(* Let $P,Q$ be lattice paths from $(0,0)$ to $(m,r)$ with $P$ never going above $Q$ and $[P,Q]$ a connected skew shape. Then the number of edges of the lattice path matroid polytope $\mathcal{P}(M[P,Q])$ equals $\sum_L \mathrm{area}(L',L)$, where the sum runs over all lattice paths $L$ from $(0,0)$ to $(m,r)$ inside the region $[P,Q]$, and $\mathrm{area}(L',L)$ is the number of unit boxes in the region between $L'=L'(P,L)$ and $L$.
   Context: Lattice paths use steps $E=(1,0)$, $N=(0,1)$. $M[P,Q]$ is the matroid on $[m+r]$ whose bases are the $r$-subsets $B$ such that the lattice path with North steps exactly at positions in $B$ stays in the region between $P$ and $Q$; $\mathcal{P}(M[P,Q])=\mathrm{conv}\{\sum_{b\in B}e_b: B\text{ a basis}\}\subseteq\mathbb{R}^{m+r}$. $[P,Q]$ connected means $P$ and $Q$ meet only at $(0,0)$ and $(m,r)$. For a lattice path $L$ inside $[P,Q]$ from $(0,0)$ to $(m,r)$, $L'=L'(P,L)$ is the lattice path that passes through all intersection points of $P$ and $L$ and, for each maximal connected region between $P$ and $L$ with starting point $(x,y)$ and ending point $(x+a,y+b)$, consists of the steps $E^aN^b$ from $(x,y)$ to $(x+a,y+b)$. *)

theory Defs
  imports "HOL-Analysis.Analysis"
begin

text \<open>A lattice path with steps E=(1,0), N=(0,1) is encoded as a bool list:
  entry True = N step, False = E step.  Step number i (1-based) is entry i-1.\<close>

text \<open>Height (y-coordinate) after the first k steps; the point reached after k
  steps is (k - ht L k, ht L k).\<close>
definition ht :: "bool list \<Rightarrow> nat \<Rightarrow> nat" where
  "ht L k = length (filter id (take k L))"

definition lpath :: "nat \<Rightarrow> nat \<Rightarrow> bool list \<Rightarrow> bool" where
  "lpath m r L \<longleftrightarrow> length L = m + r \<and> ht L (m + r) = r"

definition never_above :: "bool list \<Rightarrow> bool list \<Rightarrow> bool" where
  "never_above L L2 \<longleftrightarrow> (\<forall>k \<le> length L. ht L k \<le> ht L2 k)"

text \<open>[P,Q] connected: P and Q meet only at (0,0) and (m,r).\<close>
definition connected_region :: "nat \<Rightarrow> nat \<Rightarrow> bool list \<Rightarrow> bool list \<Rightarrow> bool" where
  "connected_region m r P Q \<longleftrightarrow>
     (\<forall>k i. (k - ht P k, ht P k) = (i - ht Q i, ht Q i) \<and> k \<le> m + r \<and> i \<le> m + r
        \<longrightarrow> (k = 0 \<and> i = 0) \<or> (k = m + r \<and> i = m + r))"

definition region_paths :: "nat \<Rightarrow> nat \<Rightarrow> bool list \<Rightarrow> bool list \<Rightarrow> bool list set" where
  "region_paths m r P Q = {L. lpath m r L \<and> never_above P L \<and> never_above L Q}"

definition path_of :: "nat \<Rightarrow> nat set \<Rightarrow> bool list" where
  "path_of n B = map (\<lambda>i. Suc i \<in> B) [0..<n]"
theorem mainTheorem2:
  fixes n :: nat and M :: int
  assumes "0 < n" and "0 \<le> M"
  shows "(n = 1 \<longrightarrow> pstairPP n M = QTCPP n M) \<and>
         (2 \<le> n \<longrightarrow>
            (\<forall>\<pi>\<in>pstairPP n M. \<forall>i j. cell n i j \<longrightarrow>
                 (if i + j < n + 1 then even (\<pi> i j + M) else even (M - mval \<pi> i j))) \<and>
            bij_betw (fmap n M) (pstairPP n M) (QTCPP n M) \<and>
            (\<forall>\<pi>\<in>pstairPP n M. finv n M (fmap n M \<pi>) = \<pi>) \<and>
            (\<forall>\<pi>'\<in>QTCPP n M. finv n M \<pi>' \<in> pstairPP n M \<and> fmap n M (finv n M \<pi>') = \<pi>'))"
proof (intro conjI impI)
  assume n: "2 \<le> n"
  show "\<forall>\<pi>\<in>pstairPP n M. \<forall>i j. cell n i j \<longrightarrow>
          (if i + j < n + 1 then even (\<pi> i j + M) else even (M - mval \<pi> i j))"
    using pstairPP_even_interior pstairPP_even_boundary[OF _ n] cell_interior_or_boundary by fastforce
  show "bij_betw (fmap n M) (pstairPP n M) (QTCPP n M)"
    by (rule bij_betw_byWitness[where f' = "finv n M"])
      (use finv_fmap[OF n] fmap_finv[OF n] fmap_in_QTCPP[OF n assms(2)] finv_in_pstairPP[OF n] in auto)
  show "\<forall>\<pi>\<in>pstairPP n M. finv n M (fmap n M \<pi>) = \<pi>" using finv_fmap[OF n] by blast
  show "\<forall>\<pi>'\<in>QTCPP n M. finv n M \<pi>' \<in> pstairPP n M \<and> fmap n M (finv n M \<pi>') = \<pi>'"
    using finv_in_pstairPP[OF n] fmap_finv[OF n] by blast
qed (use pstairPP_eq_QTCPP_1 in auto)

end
==========
Set all of the material down once more, unchanged.

▶ **Your response**
(* Let $P,Q$ be lattice paths from $(0,0)$ to $(m,r)$ with $P$ never going above $Q$ and $[P,Q]$ a connected skew shape. Then the number of edges of the lattice path matroid polytope $\mathcal{P}(M[P,Q])$ equals $\sum_L \mathrm{area}(L',L)$, where the sum runs over all lattice paths $L$ from $(0,0)$ to $(m,r)$ inside the region $[P,Q]$, and $\mathrm{area}(L',L)$ is the number of unit boxes in the region between $L'=L'(P,L)$ and $L$.
   Context: Lattice paths use steps $E=(1,0)$, $N=(0,1)$. $M[P,Q]$ is the matroid on $[m+r]$ whose bases are the $r$-subsets $B$ such that the lattice path with North steps exactly at positions in $B$ stays in the region between $P$ and $Q$; $\mathcal{P}(M[P,Q])=\mathrm{conv}\{\sum_{b\in B}e_b: B\text{ a basis}\}\subseteq\mathbb{R}^{m+r}$. $[P,Q]$ connected means $P$ and $Q$ meet only at $(0,0)$ and $(m,r)$. For a lattice path $L$ inside $[P,Q]$ from $(0,0)$ to $(m,r)$, $L'=L'(P,L)$ is the lattice path that passes through all intersection points of $P$ and $L$ and, for each maximal connected region between $P$ and $L$ with starting point $(x,y)$ and ending point $(x+a,y+b)$, consists of the steps $E^aN^b$ from $(x,y)$ to $(x+a,y+b)$. *)

theory Defs
  imports "HOL-Analysis.Analysis"
begin

text \<open>A lattice path with steps E=(1,0), N=(0,1) is encoded as a bool list:
  entry True = N step, False = E step.  Step number i (1-based) is entry i-1.\<close>

text \<open>Height (y-coordinate) after the first k steps; the point reached after k
  steps is (k - ht L k, ht L k).\<close>
definition ht :: "bool list \<Rightarrow> nat \<Rightarrow> nat" where
  "ht L k = length (filter id (take k L))"

definition lpath :: "nat \<Rightarrow> nat \<Rightarrow> bool list \<Rightarrow> bool" where
  "lpath m r L \<longleftrightarrow> length L = m + r \<and> ht L (m + r) = r"

definition never_above :: "bool list \<Rightarrow> bool list \<Rightarrow> bool" where
  "never_above L L2 \<longleftrightarrow> (\<forall>k \<le> length L. ht L k \<le> ht L2 k)"

text \<open>[P,Q] connected: P and Q meet only at (0,0) and (m,r).\<close>
definition connected_region :: "nat \<Rightarrow> nat \<Rightarrow> bool list \<Rightarrow> bool list \<Rightarrow> bool" where
  "connected_region m r P Q \<longleftrightarrow>
     (\<forall>k i. (k - ht P k, ht P k) = (i - ht Q i, ht Q i) \<and> k \<le> m + r \<and> i \<le> m + r
        \<longrightarrow> (k = 0 \<and> i = 0) \<or> (k = m + r \<and> i = m + r))"

definition region_paths :: "nat \<Rightarrow> nat \<Rightarrow> bool list \<Rightarrow> bool list \<Rightarrow> bool list set" where
  "region_paths m r P Q = {L. lpath m r L \<and> never_above P L \<and> never_above L Q}"

definition path_of :: "nat \<Rightarrow> nat set \<Rightarrow> bool list" where
  "path_of n B = map (\<lambda>i. Suc i \<in> B) [0..<n]"
theorem mainTheorem2:
  fixes n :: nat and M :: int
  assumes "0 < n" and "0 \<le> M"
  shows "(n = 1 \<longrightarrow> pstairPP n M = QTCPP n M) \<and>
         (2 \<le> n \<longrightarrow>
            (\<forall>\<pi>\<in>pstairPP n M. \<forall>i j. cell n i j \<longrightarrow>
                 (if i + j < n + 1 then even (\<pi> i j + M) else even (M - mval \<pi> i j))) \<and>
            bij_betw (fmap n M) (pstairPP n M) (QTCPP n M) \<and>
            (\<forall>\<pi>\<in>pstairPP n M. finv n M (fmap n M \<pi>) = \<pi>) \<and>
            (\<forall>\<pi>'\<in>QTCPP n M. finv n M \<pi>' \<in> pstairPP n M \<and> fmap n M (finv n M \<pi>') = \<pi>'))"
proof (intro conjI impI)
  assume n: "2 \<le> n"
  show "\<forall>\<pi>\<in>pstairPP n M. \<forall>i j. cell n i j \<longrightarrow>
          (if i + j < n + 1 then even (\<pi> i j + M) else even (M - mval \<pi> i j))"
    using pstairPP_even_interior pstairPP_even_boundary[OF _ n] cell_interior_or_boundary by fastforce
  show "bij_betw (fmap n M) (pstairPP n M) (QTCPP n M)"
    by (rule bij_betw_byWitness[where f' = "finv n M"])
      (use finv_fmap[OF n] fmap_finv[OF n] fmap_in_QTCPP[OF n assms(2)] finv_in_pstairPP[OF n] in auto)
  show "\<forall>\<pi>\<in>pstairPP n M. finv n M (fmap n M \<pi>) = \<pi>" using finv_fmap[OF n] by blast
  show "\<forall>\<pi>'\<in>QTCPP n M. finv n M \<pi>' \<in> pstairPP n M \<and> fmap n M (finv n M \<pi>') = \<pi>'"
    using finv_in_pstairPP[OF n] fmap_finv[OF n] by blast
qed (use pstairPP_eq_QTCPP_1 in auto)

end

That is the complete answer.